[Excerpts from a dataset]
◇ ◇ ◇ ◇ ◇ ◇ ◇

lemma product_rank_le_add:
  assumes "product_rank_le K F" and "product_rank_le L G"
  shows "product_rank_le (K + L) (\<lambda>u v. F u v + G u v)"
proof -
  obtain f g where F: "\<And>u v. F u v = (\<Sum>t<K. f t u * g t v)"
    using assms(1) unfolding product_rank_le_def by blast
  obtain f' g' where G: "\<And>u v. G u v = (\<Sum>t<L. f' t u * g' t v)"
    using assms(2) unfolding product_rank_le_def by blast
  define f'' where "f'' t = (if t < K then f t else f' (t - K))" for t
  define g'' where "g'' t = (if t < K then g t else g' (t - K))" for t
  have "F u v + G u v = (\<Sum>t < K + L. f'' t u * g'' t v)" for u v
    unfolding sum_lessThan_add F G f''_def g''_def by simp
  then show ?thesis
    unfolding product_rank_le_def by blast
qed

lemma product_rank_le_scale:
  assumes "product_rank_le K F"
  shows "product_rank_le K (\<lambda>u v. a u * b v * F u v)"
proof -
  obtain f g where F: "\<And>u v. F u v = (\<Sum>t<K. f t u * g t v)"
    using assms unfolding product_rank_le_def by blast
  have "a u * b v * F u v = (\<Sum>t<K. (a u * f t u) * (b v * g t v))" for u v
    unfolding F sum_distrib_left by (simp add: ac_simps)
  then show ?thesis
    unfolding product_rank_le_def
    by (intro exI[of _ "\<lambda>t u. a u * f t u"] exI[of _ "\<lambda>t v. b v * g t v"]) simp
qed

lemma product_rank_le_compose:
  assumes "product_rank_le K F"
  shows "product_rank_le K (\<lambda>u v. F (\<phi> u) (\<psi> v))"
proof -
  obtain f g where "\<And>u v. F u v = (\<Sum>t<K. f t u * g t v)"
    using assms unfolding product_rank_le_def by blast
  then show ?thesis
    unfolding product_rank_le_def
    by (intro exI[of _ "\<lambda>t u. f t (\<phi> u)"] exI[of _ "\<lambda>t v. g t (\<psi> v)"]) simp
qed

lemma rank_mat_sum_products_le:
  fixes f g :: "nat \<Rightarrow> nat \<Rightarrow> real"
  shows "vec_space.rank N (mat N N' (\<lambda>(i, j). \<Sum>t<K. f t i * g t j)) \<le> K"
proof (induction K)
  case 0
  have "mat N N' (\<lambda>_. 0) = (0\<^sub>m N N' :: real mat)"
    by (auto simp: eq_matI)
  then show ?case
    using vec_space.rank_0I[of N N'] by simp
next
  case (Suc K)
  define A where "A = mat N N' (\<lambda>(i, j). \<Sum>t<K. f t i * g t j)"
  define B where "B = mat N N' (\<lambda>(i, j). f K i * g K j)"
  have "mat N N' (\<lambda>(i, j). \<Sum>t<Suc K. f t i * g t j) = A + B"
    unfolding A_def B_def by (rule eq_matI) auto
  moreover have "vec_space.rank N (A + B) \<le> vec_space.rank N A + vec_space.rank N B"
    unfolding A_def B_def by (rule vec_space.rank_subadditive) auto
  moreover have "vec_space.rank N B \<le> 1"
    unfolding B_def by (rule vec_space.rank_le_1_product_entries[of _ N N' "f K" "g K"]) auto
  ultimately show ?case
    using Suc.IH unfolding A_def by simp
qed

lemma rank_mat_le_product_rank:
  fixes F :: "nat \<Rightarrow> nat \<Rightarrow> real"
  assumes "product_rank_le K F"
  shows "vec_space.rank N (mat N N' (\<lambda>(i, j). F i j)) \<le> K"
proof -
  obtain f g where "\<And>i j. F i j = (\<Sum>t<K. f t i * g t j)"
    using assms unfolding product_rank_le_def by blast
  then show ?thesis
    using rank_mat_sum_products_le[where f = f and g = g and N = N and N' = N' and K = K] by simp
qed

(* Alice holds (p, \<alpha>) and Bob (q, \<beta>); the length guard keeps the function total, so that
   product_rank_le need not be relativised to a domain. *)
definition and_addr_prod ::
    "nat \<Rightarrow> bool list \<times> (nat \<Rightarrow> real) \<Rightarrow> bool list \<times> (nat \<Rightarrow> real) \<Rightarrow> real" where
  "and_addr_prod k = (\<lambda>(p, \<alpha>) (q, \<beta>).
     if length p = k \<and> length q = k then \<alpha> (bin (map2 (\<and>) p q)) * \<beta> (bin (map2 (\<and>) p q)) else 0)"

lemma and_addr_prod_0:
  "and_addr_prod 0 u v = (of_bool (fst u = []) * snd u 0) * (of_bool (fst v = []) * snd v 0)"
  by (cases u; cases v) (auto simp: and_addr_prod_def)

lemma and_addr_prod_Suc:
  "and_addr_prod (Suc k) (p, \<alpha>) (q, \<beta>) =
     of_bool (length p = Suc k \<and> hd p) * of_bool (length q = Suc k \<and> hd q)
       * and_addr_prod k (tl p, \<lambda>c. \<alpha> (2 ^ k + c)) (tl q, \<lambda>c. \<beta> (2 ^ k + c))
   + of_bool (length p = Suc k) * of_bool (length q = Suc k) * and_addr_prod k (tl p, \<alpha>) (tl q, \<beta>)
   + - of_bool (length p = Suc k \<and> hd p) * of_bool (length q = Suc k \<and> hd q)
       * and_addr_prod k (tl p, \<alpha>) (tl q, \<beta>)"
proof (cases "length p = Suc k \<and> length q = Suc k")
  case True
  then obtain a p' b q' where "p = a # p'" "q = b # q'" "length p' = k" "length q' = k"
    by (metis length_Suc_conv)
  then show ?thesis
    by (simp add: and_addr_prod_def bin_Cons)
next
  case False
  then show ?thesis
    by (auto simp: and_addr_prod_def)
qed

lemma product_rank_le_and_addr_prod: "product_rank_le (3 ^ k) (and_addr_prod k)"
proof (induction k)
  case 0
  show ?case
    unfolding and_addr_prod_0[abs_def] using product_rank_le_1 by simp
next
  case (Suc k)
  define high :: "bool list \<times> (nat \<Rightarrow> real) \<Rightarrow> bool list \<times> (nat \<Rightarrow> real)"
    where "high u = (tl (fst u), \<lambda>c. snd u (2 ^ k + c))" for u
  define low :: "bool list \<times> (nat \<Rightarrow> real) \<Rightarrow> bool list \<times> (nat \<Rightarrow> real)"
    where "low u = (tl (fst u), snd u)" for u
  define lead :: "bool list \<times> (nat \<Rightarrow> real) \<Rightarrow> real"
    where "lead u = of_bool (length (fst u) = Suc k \<and> hd (fst u))" for u
  define full :: "bool list \<times> (nat \<Rightarrow> real) \<Rightarrow> real"
    where "full u = of_bool (length (fst u) = Suc k)" for u
  have high: "product_rank_le (3 ^ k) (\<lambda>u v. and_addr_prod k (high u) (high v))"
    and low: "product_rank_le (3 ^ k) (\<lambda>u v. and_addr_prod k (low u) (low v))"
    using Suc.IH by (rule product_rank_le_compose)+
  have "product_rank_le (3 ^ k + (3 ^ k + 3 ^ k)) (\<lambda>u v.
          lead u * lead v * and_addr_prod k (high u) (high v)
        + (full u * full v * and_addr_prod k (low u) (low v)
        + (- lead u) * lead v * and_addr_prod k (low u) (low v)))"
    by (intro product_rank_le_add product_rank_le_scale[OF high] product_rank_le_scale[OF low])
  also have "(\<lambda>u v.
          lead u * lead v * and_addr_prod k (high u) (high v)
        + (full u * full v * and_addr_prod k (low u) (low v)
        + (- lead u) * lead v * and_addr_prod k (low u) (low v))) = and_addr_prod (Suc k)"
  proof (intro ext)
    fix u v :: "bool list \<times> (nat \<Rightarrow> real)"
    show "lead u * lead v * and_addr_prod k (high u) (high v)
        + (full u * full v * and_addr_prod k (low u) (low v)
        + (- lead u) * lead v * and_addr_prod k (low u) (low v)) = and_addr_prod (Suc k) u v"
      using and_addr_prod_Suc[of k "fst u" "snd u" "fst v" "snd v"]
      by (simp add: high_def low_def lead_def full_def)
  qed
  finally have "product_rank_le (3 ^ k + (3 ^ k + 3 ^ k)) (and_addr_prod (Suc k))" .
  moreover have "3 ^ k + (3 ^ k + 3 ^ k) = (3::nat) ^ Suc k"
    by simp
  ultimately show ?case
    by simp
qed

lemma addr_len_power: "addr_len (2 ^ k) = k"
  unfolding addr_len_def by (simp add: log_nat_power)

◇ ◇ ◇ ◇ ◇ ◇ ◇

* [EXERCISE DESCRIPTION]:
Word for word, please print every line from the beginning of the records to the line bearing "(\<Sum>t<K. (a u", counting both ends and stopping there.

* [ANSWER TO THIS EXERCISE]:
lemma product_rank_le_add:
  assumes "product_rank_le K F" and "product_rank_le L G"
  shows "product_rank_le (K + L) (\<lambda>u v. F u v + G u v)"
proof -
  obtain f g where F: "\<And>u v. F u v = (\<Sum>t<K. f t u * g t v)"
    using assms(1) unfolding product_rank_le_def by blast
  obtain f' g' where G: "\<And>u v. G u v = (\<Sum>t<L. f' t u * g' t v)"
    using assms(2) unfolding product_rank_le_def by blast
  define f'' where "f'' t = (if t < K then f t else f' (t - K))" for t
  define g'' where "g'' t = (if t < K then g t else g' (t - K))" for t
  have "F u v + G u v = (\<Sum>t < K + L. f'' t u * g'' t v)" for u v
    unfolding sum_lessThan_add F G f''_def g''_def by simp
  then show ?thesis
    unfolding product_rank_le_def by blast
qed

lemma product_rank_le_scale:
  assumes "product_rank_le K F"
  shows "product_rank_le K (\<lambda>u v. a u * b v * F u v)"
proof -
  obtain f g where F: "\<And>u v. F u v = (\<Sum>t<K. f t u * g t v)"
    using assms unfolding product_rank_le_def by blast
  have "a u * b v * F u v = (\<Sum>t<K. (a u * f t u) * (b v * g t v))" for u v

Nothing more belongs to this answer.